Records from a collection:
- - -

(* Let $\underline a=\{a_i\}_{i\in I}$ be a pseudo-Cauchy sequence in $K$ such that $I^*$ has no maximum, and such that either $\underline a$ is of transcendental type, or $\underline a$ is of algebraic type with $\gamma_{\underline a}\neq\infty$. Let $g\in K[x]$ be such that every polynomial of degree smaller than $\deg g$ is fixed by $\underline a$. Then $v(g(a_i))=\nu_i(g)$ for all sufficiently large $i\in I^*$.
   Context: $(K,v)$ is a valued field with value group $\Gamma$. A pseudo-Cauchy sequence is $\underline a=\{a_i\}_{i\in I}\subseteq K$ with $I$ a well-ordered set of at least two elements such that $v(a_i-a_j)<v(a_j-a_k)$ whenever $i<j<k$. $I^*=I\setminus\{\max I\}$ if $I$ has a maximum, else $I^*=I$. For $i\in I^*$, $\gamma_i:=v(a_{i+1}-a_i)$ ($i+1$ the successor of $i$) and $\nu_i:=v_{a_i,\gamma_i}$, where $v_{a,\gamma}(\sum_k b_k(x-a)^k)=\min_k\{v(b_k)+k\gamma\}$. A polynomial $f$ is fixed by $\underline a$ if $\{v(f(a_i))\}_{i\in I}$ is ultimately constant. When $I^*$ has no maximum, $\underline a$ is of transcendental type if every $f\in K[x]$ is fixed by $\underline a$, and of algebraic type otherwise. For $\underline a$ of algebraic type, let $F$ be a monic polynomial of smallest degree not fixed by $\underline a$, $D=\{\alpha\in\Gamma_{\mathbb Q}\mid\alpha\le\nu_i(F)\text{ for some }i\in I^*\}$ ($\Gamma_{\mathbb Q}$ the divisible hull of $\Gamma$), and $\gamma_{\underline a}=\infty$ if $D=\Gamma_{\mathbb Q}$, and otherwise $\gamma_{\underline a}$ is the element of the universal ordered group realizing the quasi-cut $(D,\Gamma_{\mathbb Q}\setminus D)$ (in particular $\gamma_{\underline a}\neq\infty$ iff $D\neq\Gamma_{\mathbb Q}$). *)

theory Defs
  imports "HOL-Computational_Algebra.Polynomial" "HOL-Library.Extended"
begin

definition valuation :: "('a::field \<Rightarrow> 'g::linordered_ab_group_add extended) \<Rightarrow> bool" where
  "valuation v \<longleftrightarrow>
     (\<forall>x. v x = Pinf \<longleftrightarrow> x = 0) \<and>
     (\<forall>x. x \<noteq> 0 \<longrightarrow> v x \<in> range Fin) \<and>
     (\<forall>x y. v (x * y) = v x + v y) \<and>
     (\<forall>x y. min (v x) (v y) \<le> v (x + y))"

definition value_group :: "('a::field \<Rightarrow> 'g::linordered_ab_group_add extended) \<Rightarrow> 'g set" where
  "value_group v = {g. Fin g \<in> range v}"

definition nsmul :: "nat \<Rightarrow> 'b::comm_monoid_add \<Rightarrow> 'b" where
  "nsmul n x = (\<Sum>_<n. x)"

definition pseudo_cauchy :: "('a::field \<Rightarrow> 'g::linordered_ab_group_add extended) \<Rightarrow> 'i::wellorder set \<Rightarrow> ('i \<Rightarrow> 'a) \<Rightarrow> bool" where
  "pseudo_cauchy v I a \<longleftrightarrow>
     (\<exists>i\<in>I. \<exists>j\<in>I. i \<noteq> j) \<and>
     (\<forall>i\<in>I. \<forall>j\<in>I. \<forall>k\<in>I. i < j \<and> j < k \<longrightarrow> v (a i - a j) < v (a j - a k))"

definition Istar :: "'i::wellorder set \<Rightarrow> 'i set" where
  "Istar I = {i\<in>I. \<exists>j\<in>I. i < j}"

definition has_max :: "'i::linorder set \<Rightarrow> bool" where
  "has_max S \<longleftrightarrow> (\<exists>m\<in>S. \<forall>i\<in>S. i \<le> m)"

definition succ_in :: "'i::wellorder set \<Rightarrow> 'i \<Rightarrow> 'i" where
  "succ_in I i = (LEAST j. j \<in> I \<and> i < j)"

definition pc_gamma :: "('a::field \<Rightarrow> 'g::linordered_ab_group_add extended) \<Rightarrow> 'i::wellorder set \<Rightarrow> ('i \<Rightarrow> 'a) \<Rightarrow> 'i \<Rightarrow> 'g extended" where
  "pc_gamma v I a i = v (a (succ_in I i) - a i)"

text \<open>Monomial valuation v_{a,gamma}: writing f = sum_k b_k (x-a)^k, the minimum of
  v(b_k) + k gamma. The b_k are the coefficients of f(x + a).\<close>
definition mono_val :: "('a::field \<Rightarrow> 'g::linordered_ab_group_add extended) \<Rightarrow> 'a \<Rightarrow> 'g extended \<Rightarrow> 'a poly \<Rightarrow> 'g extended" where
  "mono_val v c \<gamma> f = Min ((\<lambda>k. v (coeff (pcompose f [:c, 1:]) k) + nsmul k \<gamma>) ` {..degree f})"

definition pc_nu :: "('a::field \<Rightarrow> 'g::linordered_ab_group_add extended) \<Rightarrow> 'i::wellorder set \<Rightarrow> ('i \<Rightarrow> 'a) \<Rightarrow> 'i \<Rightarrow> 'a poly \<Rightarrow> 'g extended" where
  "pc_nu v I a i = mono_val v (a i) (pc_gamma v I a i)"

definition fixed_by :: "('a::field \<Rightarrow> 'g::linordered_ab_group_add extended) \<Rightarrow> 'i::wellorder set \<Rightarrow> ('i \<Rightarrow> 'a) \<Rightarrow> 'a poly \<Rightarrow> bool" where
  "fixed_by v I a f \<longleftrightarrow>
     (\<exists>i0\<in>I. \<forall>i\<in>I. \<forall>j\<in>I. i0 \<le> i \<and> i0 \<le> j \<longrightarrow> v (poly f (a i)) = v (poly f (a j)))"

definition transcendental_type :: "('a::field \<Rightarrow> 'g::linordered_ab_group_add extended) \<Rightarrow> 'i::wellorder set \<Rightarrow> ('i \<Rightarrow> 'a) \<Rightarrow> bool" where
  "transcendental_type v I a \<longleftrightarrow> (\<forall>f. fixed_by v I a f)"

- - -

■ Activity ■
The answer should be one number, namely how many lines of the entries above include the string "text".

■ Exercise result ■
2